Monthly Archives : August 2010

Potential Adverse Tax Consequences when Trust is the Beneficiary of an IRA

Potential Adverse Tax Consequences when Trust is the Beneficiary of an IRA

A parent may want to require that assets be retained in a single trust for their children or separate trusts, one for each child.  While a trust for a child can be designated as a beneficiary of an IRA, special care must be taken to assure that the trust will be able to utilize the child’s life expectancy when determining required minimum distributions under the inherited IRA rules. 

A recent private letter ruling, PLR 201020138, discussed the consequences when a charity is named as a remainder beneficiary of a trust. Upon the death of the parent, assets were required to be retained in trust for the benefit of the children.  The Trustee had discretion to pay income and principal for the benefit of the children and to accumulate income not paid.  Upon the trust termination, the trustee was directed to distribute the balance to descendants of the children as well as charities.

A trust must have a “designated beneficiary” in order to take advantage of the inherited IRA rules.   If the trust has a “designated beneficiary”, the trustee will be permitted to take required minimum distributions over the actuarial age of the oldest trust beneficiary. 

Under the trust in question, there was no requirement that the IRA distributions be paid to the children.  Accordingly, the IRS rules require that the remainder beneficiaries be considered in determining whether the IRA has a “designated beneficiary.”   Code Section 401(a)(9)(E) defines a designated beneficiary  as any ”individual” as long as the individual is identifiable.  If a charity is named as a beneficiary, the IRA is treated as having no beneficiary even if individuals are also named as trust beneficiaries.  

In determining designated beneficiaries under a trust, the IRS does not look at “successor beneficiaries”, those who could become a successor to the interest on the beneficiary’s death, but this exception does not apply to “contingent beneficiaries.”

 In a trust that allows the Trustee to accumulate income and principal, the IRS states that the remainder beneficiaries must be considered “contingent beneficiaries, rather than successor beneficiaries for purposes of determining who is the designated beneficiary.  Since charities were contingent beneficiaries, the trust was deemed not to have a designated beneficiary as of the decedent’s date of death.  A court order reforming the trust was ineffective to correct this problem.  Accordingly, the trust was unable to use the more favorable measuring life for determining future required minimum distributions, (the actuarial age of the oldest trust beneficiary).  In this case, the Trustee was required to use the IRA owner’s remaining life expectancy at the time of death reduced by one each year for determining future required minimum distributions.   

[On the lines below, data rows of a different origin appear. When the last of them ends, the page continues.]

lemma ext_eq_lcp: "k \<le> lcp x u \<Longrightarrow> ext x u k = lcp x u"
proof (induction x u k rule: ext.induct)
  case (1 x u k)
  show ?case
  proof (cases "k = lcp x u")
    case True
    then show ?thesis using chr_at_lcp[of x u] by (subst ext.simps) auto
  next
    case False
    then have "k < lcp x u" using "1.prems" by simp
    then have agree: "chr x k = chr u k \<and> chr x k \<noteq> None" by (rule chr_below_lcp)
    then have "ext x u k = ext x u (Suc k)" by (subst ext.simps) (rule if_P)
    also have "\<dots> = lcp x u" using "1.IH"[OF agree] \<open>k < lcp x u\<close> by simp
    finally show ?thesis .
  qed
qed

lemma neighbour_lcp_less:
  fixes u x t :: "'a::linorder list"
  assumes "u \<le> t" "x \<le> t" "lcp u t < lcp x t"
  shows "u < x \<and> lcp u x = lcp u t"
proof -
  have "u < x"
  proof (rule ccontr)
    assume "\<not> u < x"
    then have "lcp x t = min (lcp x u) (lcp u t)" using lcp_between[of x u t] assms by simp
    then show False using assms(3) by simp
  qed
  moreover have "lcp u t = min (lcp u x) (lcp x t)" using lcp_between[of u x t] calculation assms by simp
  ultimately show ?thesis using assms(3) by simp
qed

lemma neighbour_lcp_greater:
  fixes u x t :: "'a::linorder list"
  assumes "u \<le> t" "x \<le> t" "lcp x t < lcp u t"
  shows "x < u \<and> lcp x u = lcp x t"
proof -
  have "x < u"
  proof (rule ccontr)
    assume "\<not> x < u"
    then have "lcp u t = min (lcp u x) (lcp x t)" using lcp_between[of u x t] assms by simp
    then show False using assms(3) by simp
  qed
  moreover have "lcp x t = min (lcp x u) (lcp u t)" using lcp_between[of x u t] calculation assms by simp
  ultimately show ?thesis using assms(3) by simp
qed

definition lcp_array :: "'a list list \<Rightarrow> nat list \<Rightarrow> bool" where
  "lcp_array A H \<longleftrightarrow> length H = length A
     \<and> (\<forall>k. 0 < k \<and> k < length A \<longrightarrow> H ! k = lcp (A ! (k - 1)) (A ! k))"

(* Specification of a scan that started at gap i with known LCP h to the right neighbour:
   the insertion position p, the two new LCP entries l and r, the number c of character
   comparisons, which is bounded by the number of inspected elements plus the gain in known
   LCP length, and the number s of scan steps. *)
definition scan_result :: "'a::linorder list list \<Rightarrow> nat \<Rightarrow> 'a list \<Rightarrow> nat \<Rightarrow> nat
      \<Rightarrow> nat \<times> nat \<times> nat \<times> nat \<times> nat \<Rightarrow> bool" where
  "scan_result A hb x i h res \<longleftrightarrow> (case res of (p, l, r, c, s) \<Rightarrow>
      p \<le> i \<and> (\<forall>k<p. A ! k \<le> x) \<and> (\<forall>k. p \<le> k \<and> k < length A \<longrightarrow> x < A ! k)
    \<and> l = (if p = 0 then 0 else lcp (A ! (p - 1)) x)
    \<and> r = (if p = length A then hb else lcp x (A ! p))
    \<and> c + h \<le> i + max l r \<and> s \<le> i + 1)"

lemma scan_result_stop:
  fixes A :: "'a::linorder list list"
  assumes "sorted A" "i < length A" "A ! i \<le> x"
    and "\<forall>k. Suc i \<le> k \<and> k < length A \<longrightarrow> x < A ! k"
    and "h = (if Suc i = length A then hb else lcp x (A ! Suc i))"
    and "l = lcp (A ! i) x" "c + h \<le> Suc i + max l h"
  shows "scan_result A hb x (Suc i) h (Suc i, l, h, c, 1)"
proof -
  have "A ! k \<le> x" if "k < Suc i" for k
    using sorted_nth_mono[OF assms(1), of k i] that assms(2,3) by simp
  then show ?thesis using assms(2-) unfolding scan_result_def by auto
qed

(* Moving one element further left preserves the specification, provided the comparisons
   spent in this step are paid by the increase of the known LCP. *)
lemma scan_result_shift:
  assumes "scan_result A hb x i h' R" "h + c \<le> h' + 1"
  shows "scan_result A hb x (Suc i) h (add_cost c 1 R)"
  using assms by (cases R) (auto simp: scan_result_def add_cost_def)

lemma scan_correct:
  fixes A :: "'a::linorder list list"
  assumes sorted: "sorted A"
    and lcps: "lcp_array A H"
    and common: "\<forall>a\<in>set A. hb \<le> lcp x a"
  shows "i \<le> length A \<Longrightarrow> \<forall>k. i \<le> k \<and> k < length A \<longrightarrow> x < A ! k
    \<Longrightarrow> h = (if i = length A then hb else lcp x (A ! i))
    \<Longrightarrow> scan_result A hb x i h (scan A H hb x i h)"
proof (induction i arbitrary: h)
  case 0
  then show ?case by (auto simp: scan_result_def)
next
  case (Suc i)
  define u where "u = A ! i"
  define g where "g = gval A H hb (Suc i)"
  have i: "i < length A" using Suc.prems(1) by simp
  have right: "\<forall>k. Suc i \<le> k \<and> k < length A \<longrightarrow> x < A ! k" using Suc.prems(2) by simp
  have right_from_i: "\<forall>k. i \<le> k \<and> k < length A \<longrightarrow> x < A ! k" if "x < u"
    using that right unfolding u_def by (metis Suc_le_eq le_eq_less_or_eq)
  have g: "g = (if Suc i = length A then hb else lcp u (A ! Suc i))"
    using lcps i by (simp add: g_def gval_def u_def lcp_array_def)
  have neighbours: "u \<le> A ! Suc i \<and> x \<le> A ! Suc i" if "Suc i < length A"
    using sorted_nth_mono[OF sorted, of i "Suc i"] right that by (simp add: u_def less_imp_le)
  consider (less) "g < h" | (greater) "h < g" | (equal) "g = h" by linarith
  then show ?case
  proof cases
    case less
    then have top: "Suc i < length A" using g Suc.prems(1,3) by (auto split: if_splits)
    then have "u < x \<and> lcp u x = g" using neighbour_lcp_less neighbours Suc.prems(3) g less by auto
    then have "scan_result A hb x (Suc i) h (Suc i, g, h, 0, 1)"
      by (intro scan_result_stop[OF sorted i _ right Suc.prems(3)]) (auto simp: u_def)
    moreover have "scan A H hb x (Suc i) h = (Suc i, g, h, 0, 1)" using less by (simp add: g_def)
    ultimately show ?thesis by simp
  next
    case greater
    then have top: "Suc i < length A" using g Suc.prems(1,3) by (auto split: if_splits)
    then have "x < u \<and> lcp x u = h" using neighbour_lcp_greater neighbours Suc.prems(3) g greater by auto
    then have "scan_result A hb x i h (scan A H hb x i h)"
      using Suc.IH[OF _ right_from_i] i by (simp add: u_def)
    then have "scan_result A hb x (Suc i) h (add_cost 0 1 (scan A H hb x i h))"
      by (rule scan_result_shift) simp
    moreover have "scan A H hb x (Suc i) h = add_cost 0 1 (scan A H hb x i h)"
      using greater by (simp add: g_def)
    ultimately show ?thesis by (simp only:)
  next
    case equal
    have h_le: "h \<le> lcp x u"
    proof (cases "Suc i = length A")
      case True then show ?thesis using common Suc.prems(3) i by (simp add: u_def)
    next
      case False
      then show ?thesis using lcp_ultrametric[of x "A ! Suc i" u] lcp_commute[of u] equal g Suc.prems(3)
        by simp
    qed
    define e where "e = ext x u h"
    have e: "e = lcp x u" using ext_eq_lcp[OF h_le] by (simp add: e_def)
    show ?thesis
    proof (cases "chr u e \<le> chr x e")
      case True
      then have "u \<le> x" using less_iff_chr_at_lcp[of x u] e by (auto simp: not_less[symmetric])
      then have "scan_result A hb x (Suc i) h (Suc i, e, h, e - h + 1, 1)"
        using h_le e lcp_commute[of x u]
        by (intro scan_result_stop[OF sorted i _ right Suc.prems(3)]) (auto simp: u_def)
      moreover have "scan A H hb x (Suc i) h = (Suc i, e, h, e - h + 1, 1)"
        using True equal by (simp add: g_def e_def u_def)
      ultimately show ?thesis by simp
    next
      case False
      then have "x < u" using less_iff_chr_at_lcp[of x u] e by auto
      then have "scan_result A hb x i e (scan A H hb x i e)"
        using Suc.IH[OF _ right_from_i] i e by (simp add: u_def)
      then have "scan_result A hb x (Suc i) h (add_cost (e - h + 1) 1 (scan A H hb x i e))"
        by (rule scan_result_shift) (use h_le e in simp)
      moreover have "scan A H hb x (Suc i) h = add_cost (e - h + 1) 1 (scan A H hb x i e)"
        using False equal by (simp add: g_def e_def u_def)
      ultimately show ?thesis by (simp only:)
    qed
  qed
qed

 With the advent of the inherited IRA rules, it is incumbent upon clients to review their trusts to make sure that their beneficiaries will be able to take advantage of the tax favored treatment available the inherited IRA rules.

 This is particularly relevant in special needs trust planning when the parents have significant IRA assets.   Some parents may want to benefit the non-profit agency that provided services to their child and desire to name that organization as the remainder beneficiary or among the remainder beneficiaries when the child with disabilities passes away.    In those cases, perhaps a different strategy will need to be considered in order to preserve the better tax-favored treatment accorded to trusts that have a “designated beneficiary.”